#  >  > Travellers Tales in Thailand and Asia >  >  > Thailands Travellers Tales >  >  Thai Navy Museum

## hillbilly

I had the opportunity to visit the Thai Navy Museum today and it was rather enjoyable.


 
First, we were asked to make merit to the sea.

----------


## hillbilly

This museum was built as a tribute to King Rama 5. He is considered the father of the Thai Navy.

----------


## hillbilly

I was concerned about our tour guide has he carried a pistol. Don't worry it was not loaded.


 
 A long time ago, the Frech  tried to take over Siam. This is what Thailand look like many years ago.

----------


## hillbilly

So the Thais through the assistance of the Brits came up with a plan.



This is what the scene looks like today. In this scene we are overlooking the gun stations.

----------


## hillbilly

First we have to enter the tunnels.



We have to cross through here.

----------


## hillbilly

Where the Thais stored the ammo is on the right.


 
Now we go to the cannons which is on the right of the original entrance photo.

----------


## hillbilly

Now here are the big guns.


 
One always needs ammo...

----------


## hillbilly

The gun was built by the British. An intersting side note, look at the bricks in the background. They are also from Britian.


 
The other side.

----------


## hillbilly

Now we go to the ship. Actually, it is a donated American warship. But still fun to explore.


 
It was big compared to my rafts back home.

----------


## hillbilly

Since I like cooking I decided to explore the gallery. Pretty small and i did not see a BBQ grill in site.


 
Okay, what about the bombs?

----------


## The Gent

> Now we go to the ship. Actually, it is a donated American warship. But still fun to explore.
> 
> 
> It was big compared to my rafts back home.

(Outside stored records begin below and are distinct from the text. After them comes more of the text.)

(* Let $1\le k<n$, let $C$ be an $n\times n$ pairwise comparison matrix whose upper-left $k\times k$ submatrix $C_k$ is consistent (equivalently $\mathit{CI}(C_k)=0$ when $k\ge2$). Then the matrix $A_k=I_k-\frac{1}{n-1}(C_k-I_k)$ is invertible, so the arithmetic HRE system $A_k w=b$ with $b_i=\frac{1}{n-1}\sum_{j=k+1}^n c_{ij}w(a_j)$ ($i=1,\dots,k$) has a unique solution for any positive reference weights $w(a_{k+1}),\dots,w(a_n)$.
   Context: A pairwise comparison matrix is a square matrix with positive entries, $c_{ii}=1$ and $c_{ij}=1/c_{ji}$. It is consistent if $c_{ij}c_{jl}=c_{il}$ for all indices $i,j,l$. For a $k\times k$ pairwise comparison matrix $M$ ($k\ge 2$), $\mathit{CI}(M)=\frac{\rho(M)-k}{k-1}$ with $\rho$ the spectral radius. *)

theory Defs
  imports "Jordan_Normal_Form.Matrix"
begin

(* Matrices are 0-indexed: entry c_{ij} (1-based) is C $$ (i-1, j-1). *)

definition pairwise_comparison_matrix :: "real mat \<Rightarrow> bool" where
  "pairwise_comparison_matrix C \<longleftrightarrow> dim_row C = dim_col C \<and>
     (\<forall>i < dim_row C. \<forall>j < dim_row C. C $$ (i,j) > 0 \<and> C $$ (i,j) = 1 / C $$ (j,i)) \<and>
     (\<forall>i < dim_row C. C $$ (i,i) = 1)"

definition consistent_pcm :: "real mat \<Rightarrow> bool" where
  "consistent_pcm C \<longleftrightarrow> pairwise_comparison_matrix C \<and>
     (\<forall>i < dim_row C. \<forall>j < dim_row C. \<forall>l < dim_row C. C $$ (i,j) * C $$ (j,l) = C $$ (i,l))"

definition upper_left :: "nat \<Rightarrow> real mat \<Rightarrow> real mat" where
  "upper_left k C = mat k k (\<lambda>(i,j). C $$ (i,j))"

definition hre_matrix :: "nat \<Rightarrow> nat \<Rightarrow> real mat \<Rightarrow> real mat" where
  "hre_matrix n k C = 1\<^sub>m k - (1 / (real n - 1)) \<cdot>\<^sub>m (upper_left k C - 1\<^sub>m k)"

(* b_i = 1/(n-1) sum_{j=k+1}^n c_ij w(a_j), with reference weights wr j for j in {k..<n} (0-based) *)
definition hre_rhs :: "nat \<Rightarrow> nat \<Rightarrow> real mat \<Rightarrow> (nat \<Rightarrow> real) \<Rightarrow> real vec" where
  "hre_rhs n k C wr = vec k (\<lambda>i. (1 / (real n - 1)) * (\<Sum>j\<in>{k..<n}. C $$ (i,j) * wr j))"

end

theory Submission
  imports Defs "Jordan_Normal_Form.Determinant"
begin

text \<open>A consistent pairwise comparison matrix has rank one: \<open>c\<^sub>i\<^sub>j = c\<^sub>i\<^sub>1 c\<^sub>1\<^sub>j\<close>, so
  \<open>C\<^sub>k w = (r \<bullet> w) c\<close> with \<open>r\<close> its first row, \<open>c\<close> its first column, and \<open>r \<bullet> c = k\<close>.
  Writing \<open>t = 1/(n-1)\<close>, we have \<open>A\<^sub>k = (1 + t) I - t C\<^sub>k\<close>. If \<open>A\<^sub>k w = 0\<close>, then
  \<open>(1 + t) w = t (r \<bullet> w) c\<close>; pairing with \<open>r\<close> gives \<open>(1 + t - t k) (r \<bullet> w) = 0\<close>, and
  \<open>1 + t - t k = (n - k)/(n - 1) > 0\<close>. Hence \<open>r \<bullet> w = 0\<close> and then \<open>w = 0\<close>, so \<open>A\<^sub>k\<close>
  has trivial kernel and is invertible.\<close>

lemma smult_mult_mat_vec:
  fixes A :: "'a :: comm_semiring_0 mat"
  assumes "A \<in> carrier_mat nr nc" "v \<in> carrier_vec nc"
  shows "(a \<cdot>\<^sub>m A) *\<^sub>v v = a \<cdot>\<^sub>v (A *\<^sub>v v)"
  using assms by (intro eq_vecI) (auto simp: scalar_prod_def sum_distrib_left mult.assoc)

lemma invertible_mat_if_kernel_trivial:
  fixes A :: "'a :: field mat"
  assumes A: "A \<in> carrier_mat n n"
    and kernel: "\<And>v. v \<in> carrier_vec n \<Longrightarrow> A *\<^sub>v v = 0\<^sub>v n \<Longrightarrow> v = 0\<^sub>v n"
  shows "invertible_mat A"
proof -
  have "det A \<noteq> 0"
    using kernel unfolding det_0_iff_vec_prod_zero[OF A] by blast
  from det_non_zero_imp_unit[OF A this, of "()"]
  obtain B where "B * A = 1\<^sub>m n" "A * B = 1\<^sub>m n" "B \<in> carrier_mat n n"
    unfolding Units_def ring_mat_def by auto
  then have "inverts_mat A B" "inverts_mat B A"
    using A unfolding inverts_mat_def by auto
  then show ?thesis
    using A unfolding invertible_mat_def square_mat.simps by blast
qed

lemma invertible_mat_ex1_solution:
  fixes A :: "'a :: comm_ring_1 mat"
  assumes "invertible_mat A" "A \<in> carrier_mat n n" "b \<in> carrier_vec n"
  shows "\<exists>!x. x \<in> carrier_vec n \<and> A *\<^sub>v x = b"
proof -
  obtain B where AB: "A * B = 1\<^sub>m n" and BA: "B * A = 1\<^sub>m (dim_row B)"
    using assms(1,2) unfolding invertible_mat_def inverts_mat_def by auto
  have B: "B \<in> carrier_mat n n"
    using arg_cong[OF AB, of dim_col] arg_cong[OF BA, of dim_col] assms(2) by auto
  from BA have BA: "B * A = 1\<^sub>m n"
    using B by simp
  show ?thesis
  proof (rule ex1I[of _ "B *\<^sub>v b"])
    show "B *\<^sub>v b \<in> carrier_vec n \<and> A *\<^sub>v (B *\<^sub>v b) = b"
      using assms(2,3) B AB by (simp add: assoc_mult_mat_vec[symmetric])
  next
    fix x assume x: "x \<in> carrier_vec n \<and> A *\<^sub>v x = b"
    then have "x = (B * A) *\<^sub>v x" using BA by simp
    also have "\<dots> = B *\<^sub>v b" using x assms(2) B by (simp add: assoc_mult_mat_vec)
    finally show "x = B *\<^sub>v b" .
  qed
qed

lemma consistent_pcm_entry_factor:
  assumes "consistent_pcm M" "i < dim_row M" "j < dim_row M"
  shows "M $$ (i, j) = M $$ (i, 0) * M $$ (0, j)"
proof -
  have "0 < dim_row M" using assms(2) by simp
  then show ?thesis
    using assms unfolding consistent_pcm_def by simp
qed

lemma consistent_pcm_mult_vec:
  assumes M: "consistent_pcm M" "M \<in> carrier_mat k k" and w: "w \<in> carrier_vec k"
  shows "M *\<^sub>v w = (row M 0 \<bullet> w) \<cdot>\<^sub>v col M 0"
proof (rule eq_vecI)
  fix i assume "i < dim_vec ((row M 0 \<bullet> w) \<cdot>\<^sub>v col M 0)"
  then have i: "i < k" using M by simp
  have "(M *\<^sub>v w) $ i = (\<Sum>j<k. M $$ (i, j) * w $ j)"
    using M w i by (simp add: scalar_prod_def lessThan_atLeast0)
  also have "\<dots> = (\<Sum>j<k. M $$ (i, 0) * (M $$ (0, j) * w $ j))"
  proof (rule sum.cong)
    fix j assume "j \<in> {..<k}"
    then show "M $$ (i, j) * w $ j = M $$ (i, 0) * (M $$ (0, j) * w $ j)"
      using M i consistent_pcm_entry_factor[OF M(1), of i j] by simp
  qed simp
  also have "\<dots> = M $$ (i, 0) * (row M 0 \<bullet> w)"
    using M w i by (simp add: scalar_prod_def lessThan_atLeast0 sum_distrib_left)
  finally show "(M *\<^sub>v w) $ i = ((row M 0 \<bullet> w) \<cdot>\<^sub>v col M 0) $ i"
    using M i by (simp add: mult.commute)
qed (use M in simp)

lemma consistent_pcm_row0_col0:
  assumes M: "consistent_pcm M" "M \<in> carrier_mat k k"
  shows "row M 0 \<bullet> col M 0 = real k"
proof -
  have "M $$ (0, j) * M $$ (j, 0) = 1" if "j < k" for j
  proof -
    have "\<forall>i < dim_row M. M $$ (i, i) = 1"
      and "\<forall>i < dim_row M. \<forall>j < dim_row M. \<forall>l < dim_row M. M $$ (i, j) * M $$ (j, l) = M $$ (i, l)"
      using M(1) unfolding consistent_pcm_def pairwise_comparison_matrix_def by blast+
    then show ?thesis
      using M(2) that by simp
  qed
  then show ?thesis
    using M by (simp add: scalar_prod_def)
qed

lemma shifted_consistent_pcm_kernel_trivial:
  fixes t :: real
  assumes M: "consistent_pcm M" "M \<in> carrier_mat k k"
    and t: "1 + t \<noteq> 0" "1 + t \<noteq> t * real k"
    and w: "w \<in> carrier_vec k"
    and kernel: "((1 + t) \<cdot>\<^sub>m 1\<^sub>m k - t \<cdot>\<^sub>m M) *\<^sub>v w = 0\<^sub>v k"
  shows "w = 0\<^sub>v k"
proof -
  define s where "s = row M 0 \<bullet> w"
  have row: "row M 0 \<in> carrier_vec k" and col: "col M 0 \<in> carrier_vec k"
    using M(2) by auto
  have kernel': "(1 + t) \<cdot>\<^sub>v w - (t * s) \<cdot>\<^sub>v col M 0 = 0\<^sub>v k"
    using kernel M w
    by (simp add: minus_mult_distrib_mat_vec[of _ k k] smult_mult_mat_vec[of _ k k]
        consistent_pcm_mult_vec[OF M w] smult_smult_assoc s_def)
  have "(1 + t - t * real k) * s = row M 0 \<bullet> ((1 + t) \<cdot>\<^sub>v w - (t * s) \<cdot>\<^sub>v col M 0)"
    using row col w
    by (simp add: scalar_prod_minus_distrib[of _ k] consistent_pcm_row0_col0[OF M] s_def algebra_simps)
  also have "\<dots> = 0"
    using kernel' row by simp
  finally have "s = 0"
    using t(2) by simp
  moreover have "0 \<cdot>\<^sub>v col M 0 = 0\<^sub>v k"
    using M(2) by (intro eq_vecI) auto
  ultimately have w0: "(1 + t) \<cdot>\<^sub>v w = 0\<^sub>v k"
    using kernel' w by simp
  show ?thesis
  proof (rule eq_vecI)
    fix i assume "i < dim_vec (0\<^sub>v k :: real vec)"
    then have "(1 + t) * w $ i = 0"
      using arg_cong[OF w0, of "\<lambda>v. v $ i"] w by simp
    then show "w $ i = 0\<^sub>v k $ i"
      using t(1) \<open>i < dim_vec (0\<^sub>v k)\<close> by simp
  qed (use w in simp)
qed

lemma hre_matrix_eq:
  "hre_matrix n k C = (1 + 1 / (real n - 1)) \<cdot>\<^sub>m 1\<^sub>m k - (1 / (real n - 1)) \<cdot>\<^sub>m upper_left k C"
  unfolding hre_matrix_def upper_left_def by (rule eq_matI) (auto simp: algebra_simps)

lemma invertible_hre_matrix:
  assumes "k < n" and consistent: "consistent_pcm (upper_left k C)"
  shows "invertible_mat (hre_matrix n k C)"
proof -
  define t where "t = 1 / (real n - 1)"
  have t_nonneg: "t \<ge> 0"
    using assms(1) by (simp add: t_def)
  have "1 + t - t * real k > 0"
  proof (cases "n = 1")
    case True
    then show ?thesis using assms(1) by (simp add: t_def)
  next
    case False
    then have "t * (real n - 1) = 1" "t > 0"
      using assms(1) by (auto simp: t_def)
    then have "1 + t - t * real k = t * (real n - real k)"
      by (simp add: algebra_simps)
    then show ?thesis
      using assms(1) \<open>t > 0\<close> by simp
  qed
  then have "1 + t \<noteq> 0" "1 + t \<noteq> t * real k"
    using t_nonneg by auto
  moreover have "upper_left k C \<in> carrier_mat k k"
    unfolding upper_left_def by simp
  ultimately show ?thesis
    unfolding hre_matrix_eq t_def[symmetric]
    using shifted_consistent_pcm_kernel_trivial[OF consistent]
    by (intro invertible_mat_if_kernel_trivial[of _ k]) (simp_all add: minus_carrier_mat)
qed

theorem mainTheorem2:
  fixes n k :: nat and C :: "real mat"
  assumes "1 \<le> k" and "k < n"
    and "C \<in> carrier_mat n n"
    and "pairwise_comparison_matrix C"
    and "consistent_pcm (upper_left k C)"
  shows "invertible_mat (hre_matrix n k C) \<and>
         (\<forall>wr :: nat \<Rightarrow> real. (\<forall>j\<in>{k..<n}. wr j > 0) \<longrightarrow>
            (\<exists>!w. w \<in> carrier_vec k \<and> hre_matrix n k C *\<^sub>v w = hre_rhs n k C wr))"
proof -
  have invertible: "invertible_mat (hre_matrix n k C)"
    using invertible_hre_matrix[OF assms(2,5)] .
  have "hre_matrix n k C \<in> carrier_mat k k"
    unfolding hre_matrix_eq upper_left_def by (simp add: minus_carrier_mat)
  moreover have "hre_rhs n k C wr \<in> carrier_vec k" for wr
    unfolding hre_rhs_def by simp
  ultimately show ?thesis
    using invertible invertible_mat_ex1_solution[OF invertible] by blast
qed

end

Good stuff - thought you fished from a Piroe, Billy?

----------


## hillbilly

Then you had the torpedos.


And when everything went to shit.

----------


## hillbilly

Nothing like being a Captain...


And having a bird's eye view!

----------


## hillbilly

Last but not least I liked the stereo system aboard the big boat.

----------


## hillbilly

> Good stuff - thought you fished from a Piroe, Billy?


Well, damn normally I does. But sometimes I need fish for da family!  :Smile:

----------


## qwerty

Cool stuff HB!  Where is the Navy Museum anyway?  My 11 year old stepson would love to vist it.  (I wouldn't mind either! :Wink:  )

----------


## Sukhoi

Where is it?

----------


## Storekeeper

> Now we go to the ship. Actually, it is a donated American warship. But still fun to explore.
> 
> 
> It was big compared to my rafts back home.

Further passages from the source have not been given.